⟨

abbreviation bilinear_op :: "('k::field \<Rightarrow> 'a::ab_group_add \<Rightarrow> 'a) \<Rightarrow> ('a \<Rightarrow> 'a \<Rightarrow> 'a) \<Rightarrow> bool" where
  "bilinear_op s m \<equiv> bilinear_map s s s m"

text \<open>tp : A \<times> B \<rightarrow> T exhibits T as the tensor product A \<otimes> B, with x \<otimes> a = tp x a.
  Characterization: tp bilinear, pure tensors span T, and every bilinear form on A \<times> B
  factors through a linear functional on T (uniqueness is automatic from spanning).\<close>
definition is_tensor_product ::
  "('k::field \<Rightarrow> 'a::ab_group_add \<Rightarrow> 'a) \<Rightarrow> ('k \<Rightarrow> 'b::ab_group_add \<Rightarrow> 'b)
   \<Rightarrow> ('k \<Rightarrow> 't::ab_group_add \<Rightarrow> 't) \<Rightarrow> ('a \<Rightarrow> 'b \<Rightarrow> 't) \<Rightarrow> bool" where
  "is_tensor_product sA sB sT tp \<longleftrightarrow>
     vector_space sA \<and> vector_space sB \<and> vector_space sT \<and>
     bilinear_map sA sB sT tp \<and>
     module.span sT {tp x a | x a. True} = UNIV \<and>
     (\<forall>\<phi>. bilinear_map sA sB ((*) :: 'k \<Rightarrow> 'k \<Rightarrow> 'k) \<phi> \<longrightarrow>
        (\<exists>h. Vector_Spaces.linear sT ((*) :: 'k \<Rightarrow> 'k \<Rightarrow> 'k) h \<and> (\<forall>x a. h (tp x a) = \<phi> x a)))"

definition pre_Lie :: "('k::field \<Rightarrow> 'a::ab_group_add \<Rightarrow> 'a) \<Rightarrow> ('a \<Rightarrow> 'a \<Rightarrow> 'a) \<Rightarrow> bool" where
  "pre_Lie s m \<longleftrightarrow> vector_space s \<and> bilinear_op s m \<and>
     (\<forall>x y z. m x (m y z) - m (m x y) z = m y (m x z) - m (m y x) z)"

definition Lie_algebra :: "('k::field \<Rightarrow> 'a::ab_group_add \<Rightarrow> 'a) \<Rightarrow> ('a \<Rightarrow> 'a \<Rightarrow> 'a) \<Rightarrow> bool" where
  "Lie_algebra s b \<longleftrightarrow> vector_space s \<and> bilinear_op s b \<and>
     (\<forall>x. b x x = 0) \<and>
     (\<forall>x y z. b x (b y z) + b y (b z x) + b z (b x y) = 0)"

definition compatible_pre_Lie ::
  "('k::field \<Rightarrow> 'a::ab_group_add \<Rightarrow> 'a) \<Rightarrow> ('a \<Rightarrow> 'a \<Rightarrow> 'a) \<Rightarrow> ('a \<Rightarrow> 'a \<Rightarrow> 'a) \<Rightarrow> bool" where
  "compatible_pre_Lie s m1 m2 \<longleftrightarrow> pre_Lie s m1 \<and> pre_Lie s m2 \<and>
     (\<forall>k1 k2. pre_Lie s (\<lambda>x y. s k1 (m1 x y) + s k2 (m2 x y)))"

definition compatible_Lie ::
  "('k::field \<Rightarrow> 'a::ab_group_add \<Rightarrow> 'a) \<Rightarrow> ('a \<Rightarrow> 'a \<Rightarrow> 'a) \<Rightarrow> ('a \<Rightarrow> 'a \<Rightarrow> 'a) \<Rightarrow> bool" where
  "compatible_Lie s b1 b2 \<longleftrightarrow> Lie_algebra s b1 \<and> Lie_algebra s b2 \<and>
     (\<forall>k1 k2. Lie_algebra s (\<lambda>x y. s k1 (b1 x y) + s k2 (b2 x y)))"

definition dual_pre_Poisson ::
  "('k::field \<Rightarrow> 'a::ab_group_add \<Rightarrow> 'a) \<Rightarrow> ('a \<Rightarrow> 'a \<Rightarrow> 'a) \<Rightarrow> ('a \<Rightarrow> 'a \<Rightarrow> 'a) \<Rightarrow> bool" where
  "dual_pre_Poisson s c br \<longleftrightarrow> vector_space s \<and> bilinear_op s c \<and> bilinear_op s br \<and>
     (\<forall>x y z. c x (c y z) = c (c x y) z \<and> c (c x y) z = c (c y x) z) \<and>
     (\<forall>x y z. br x (br y z) = br (br x y) z + br y (br x z)) \<and>
     (\<forall>x y z. br x (c y z) = c (br x y) z + c y (br x z)) \<and>
     (\<forall>x y z. br (c x y) z = c x (br y z) + c y (br x z)) \<and>
     (\<forall>x y z. c (br x y) z = - c (br y x) z)"

definition pre_Poisson ::
  "('k::field \<Rightarrow> 'b::ab_group_add \<Rightarrow> 'b) \<Rightarrow> ('b \<Rightarrow> 'b \<Rightarrow> 'b) \<Rightarrow> ('b \<Rightarrow> 'b \<Rightarrow> 'b) \<Rightarrow> bool" where
  "pre_Poisson s dm od \<longleftrightarrow> pre_Lie s dm \<and> bilinear_op s od \<and>
     (\<forall>x y z. od x (od y z) = od (od x y + od y x) z) \<and>
     (\<forall>x y z. od (dm x y - dm y x) z = dm x (od y z) - od y (dm x z)) \<and>
     (\<forall>x y z. dm (od x y + od y x) z = od x (dm y z) + od y (dm x z))"

end

theory Submission
  imports Defs
begin

text \<open>Both pre-Lie identities and the compatibility condition say that certain sums of
  associators are symmetric in their first two arguments. These sums are trilinear and pure tensors
  span \<open>A \<otimes> B\<close>, so it suffices to check them on pure tensors, where they reduce to the axioms
  of \<open>A\<close> and \<open>B\<close>: for \<open>\<diamond>\<^sub>1\<close> the perm identities of \<open>\<circ>\<close> with the pre-Lie identity of \<open>\<diamond>\<close>,
  for \<open>\<diamond>\<^sub>2\<close> the antisymmetry of \<open>[[x,y],z]\<close> in \<open>x, y\<close> (a consequence of the Leibniz rule) with the
  Zinbiel identity, and for the cross terms the remaining Leibniz rules of \<open>A\<close> with the
  pre-Poisson compatibilities of \<open>B\<close>. Taking commutators turns the compatible pre-Lie algebra
  into a compatible Lie algebra.\<close>

lemma bilinear_map_add_scale:
  assumes "bilinear_map s1 s2 s3 m"
  shows "m (x + y) z = m x z + m y z" "m (s1 c x) z = s3 c (m x z)"
    "m u (v + w) = m u v + m u w" "m u (s2 c v) = s3 c (m u v)"
  using assms by (auto simp: bilinear_map_def Vector_Spaces.linear_iff)

lemma bilinear_map_diff_minus_zero:
  assumes "bilinear_map s1 s2 s3 m"
  shows "m (x - y) z = m x z - m y z" "m (- x) z = - m x z" "m 0 z = 0"
    "m u (v - w) = m u v - m u w" "m u (- v) = - m u v" "m u 0 = 0"
proof -
  interpret left: additive "\<lambda>x. m x z"
    by standard (rule bilinear_map_add_scale(1)[OF assms])
  interpret right: additive "m u"
    by standard (rule bilinear_map_add_scale(3)[OF assms])
  show "m (x - y) z = m x z - m y z" "m (- x) z = - m x z" "m 0 z = 0"
    by (fact left.diff left.minus left.zero)+
  show "m u (v - w) = m u v - m u w" "m u (- v) = - m u v" "m u 0 = 0"
    by (fact right.diff right.minus right.zero)+
qed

⟩

> [Problem details]
Return an exact copy of the listing.

> [Solution to the exercise]
abbreviation bilinear_op :: "('k::field \<Rightarrow> 'a::ab_group_add \<Rightarrow> 'a) \<Rightarrow> ('a \<Rightarrow> 'a \<Rightarrow> 'a) \<Rightarrow> bool" where
  "bilinear_op s m \<equiv> bilinear_map s s s m"

text \<open>tp : A \<times> B \<rightarrow> T exhibits T as the tensor product A \<otimes> B, with x \<otimes> a = tp x a.
  Characterization: tp bilinear, pure tensors span T, and every bilinear form on A \<times> B
  factors through a linear functional on T (uniqueness is automatic from spanning).\<close>
definition is_tensor_product ::
  "('k::field \<Rightarrow> 'a::ab_group_add \<Rightarrow> 'a) \<Rightarrow> ('k \<Rightarrow> 'b::ab_group_add \<Rightarrow> 'b)
   \<Rightarrow> ('k \<Rightarrow> 't::ab_group_add \<Rightarrow> 't) \<Rightarrow> ('a \<Rightarrow> 'b \<Rightarrow> 't) \<Rightarrow> bool" where
  "is_tensor_product sA sB sT tp \<longleftrightarrow>
     vector_space sA \<and> vector_space sB \<and> vector_space sT \<and>
     bilinear_map sA sB sT tp \<and>
     module.span sT {tp x a | x a. True} = UNIV \<and>
     (\<forall>\<phi>. bilinear_map sA sB ((*) :: 'k \<Rightarrow> 'k \<Rightarrow> 'k) \<phi> \<longrightarrow>
        (\<exists>h. Vector_Spaces.linear sT ((*) :: 'k \<Rightarrow> 'k \<Rightarrow> 'k) h \<and> (\<forall>x a. h (tp x a) = \<phi> x a)))"

definition pre_Lie :: "('k::field \<Rightarrow> 'a::ab_group_add \<Rightarrow> 'a) \<Rightarrow> ('a \<Rightarrow> 'a \<Rightarrow> 'a) \<Rightarrow> bool" where
  "pre_Lie s m \<longleftrightarrow> vector_space s \<and> bilinear_op s m \<and>
     (\<forall>x y z. m x (m y z) - m (m x y) z = m y (m x z) - m (m y x) z)"

definition Lie_algebra :: "('k::field \<Rightarrow> 'a::ab_group_add \<Rightarrow> 'a) \<Rightarrow> ('a \<Rightarrow> 'a \<Rightarrow> 'a) \<Rightarrow> bool" where
  "Lie_algebra s b \<longleftrightarrow> vector_space s \<and> bilinear_op s b \<and>
     (\<forall>x. b x x = 0) \<and>
     (\<forall>x y z. b x (b y z) + b y (b z x) + b z (b x y) = 0)"

definition compatible_pre_Lie ::
  "('k::field \<Rightarrow> 'a::ab_group_add \<Rightarrow> 'a) \<Rightarrow> ('a \<Rightarrow> 'a \<Rightarrow> 'a) \<Rightarrow> ('a \<Rightarrow> 'a \<Rightarrow> 'a) \<Rightarrow> bool" where
  "compatible_pre_Lie s m1 m2 \<longleftrightarrow> pre_Lie s m1 \<and> pre_Lie s m2 \<and>
     (\<forall>k1 k2. pre_Lie s (\<lambda>x y. s k1 (m1 x y) + s k2 (m2 x y)))"

definition compatible_Lie ::
  "('k::field \<Rightarrow> 'a::ab_group_add \<Rightarrow> 'a) \<Rightarrow> ('a \<Rightarrow> 'a \<Rightarrow> 'a) \<Rightarrow> ('a \<Rightarrow> 'a \<Rightarrow> 'a) \<Rightarrow> bool" where
  "compatible_Lie s b1 b2 \<longleftrightarrow> Lie_algebra s b1 \<and> Lie_algebra s b2 \<and>
     (\<forall>k1 k2. Lie_algebra s (\<lambda>x y. s k1 (b1 x y) + s k2 (b2 x y)))"

definition dual_pre_Poisson ::
  "('k::field \<Rightarrow> 'a::ab_group_add \<Rightarrow> 'a) \<Rightarrow> ('a \<Rightarrow> 'a \<Rightarrow> 'a) \<Rightarrow> ('a \<Rightarrow> 'a \<Rightarrow> 'a) \<Rightarrow> bool" where
  "dual_pre_Poisson s c br \<longleftrightarrow> vector_space s \<and> bilinear_op s c \<and> bilinear_op s br \<and>
     (\<forall>x y z. c x (c y z) = c (c x y) z \<and> c (c x y) z = c (c y x) z) \<and>
     (\<forall>x y z. br x (br y z) = br (br x y) z + br y (br x z)) \<and>
     (\<forall>x y z. br x (c y z) = c (br x y) z + c y (br x z)) \<and>
     (\<forall>x y z. br (c x y) z = c x (br y z) + c y (br x z)) \<and>
     (\<forall>x y z. c (br x y) z = - c (br y x) z)"

definition pre_Poisson ::
  "('k::field \<Rightarrow> 'b::ab_group_add \<Rightarrow> 'b) \<Rightarrow> ('b \<Rightarrow> 'b \<Rightarrow> 'b) \<Rightarrow> ('b \<Rightarrow> 'b \<Rightarrow> 'b) \<Rightarrow> bool" where
  "pre_Poisson s dm od \<longleftrightarrow> pre_Lie s dm \<and> bilinear_op s od \<and>
     (\<forall>x y z. od x (od y z) = od (od x y + od y x) z) \<and>
     (\<forall>x y z. od (dm x y - dm y x) z = dm x (od y z) - od y (dm x z)) \<and>
     (\<forall>x y z. dm (od x y + od y x) z = od x (dm y z) + od y (dm x z))"

end

theory Submission
  imports Defs
begin

text \<open>Both pre-Lie identities and the compatibility condition say that certain sums of
  associators are symmetric in their first two arguments. These sums are trilinear and pure tensors
  span \<open>A \<otimes> B\<close>, so it suffices to check them on pure tensors, where they reduce to the axioms
  of \<open>A\<close> and \<open>B\<close>: for \<open>\<diamond>\<^sub>1\<close> the perm identities of \<open>\<circ>\<close> with the pre-Lie identity of \<open>\<diamond>\<close>,
  for \<open>\<diamond>\<^sub>2\<close> the antisymmetry of \<open>[[x,y],z]\<close> in \<open>x, y\<close> (a consequence of the Leibniz rule) with the
  Zinbiel identity, and for the cross terms the remaining Leibniz rules of \<open>A\<close> with the
  pre-Poisson compatibilities of \<open>B\<close>. Taking commutators turns the compatible pre-Lie algebra
  into a compatible Lie algebra.\<close>

lemma bilinear_map_add_scale:
  assumes "bilinear_map s1 s2 s3 m"
  shows "m (x + y) z = m x z + m y z" "m (s1 c x) z = s3 c (m x z)"
    "m u (v + w) = m u v + m u w" "m u (s2 c v) = s3 c (m u v)"
  using assms by (auto simp: bilinear_map_def Vector_Spaces.linear_iff)

lemma bilinear_map_diff_minus_zero:
  assumes "bilinear_map s1 s2 s3 m"
  shows "m (x - y) z = m x z - m y z" "m (- x) z = - m x z" "m 0 z = 0"
    "m u (v - w) = m u v - m u w" "m u (- v) = - m u v" "m u 0 = 0"
proof -
  interpret left: additive "\<lambda>x. m x z"
    by standard (rule bilinear_map_add_scale(1)[OF assms])
  interpret right: additive "m u"
    by standard (rule bilinear_map_add_scale(3)[OF assms])
  show "m (x - y) z = m x z - m y z" "m (- x) z = - m x z" "m 0 z = 0"
    by (fact left.diff left.minus left.zero)+
  show "m u (v - w) = m u v - m u w" "m u (- v) = - m u v" "m u 0 = 0"
    by (fact right.diff right.minus right.zero)+
qed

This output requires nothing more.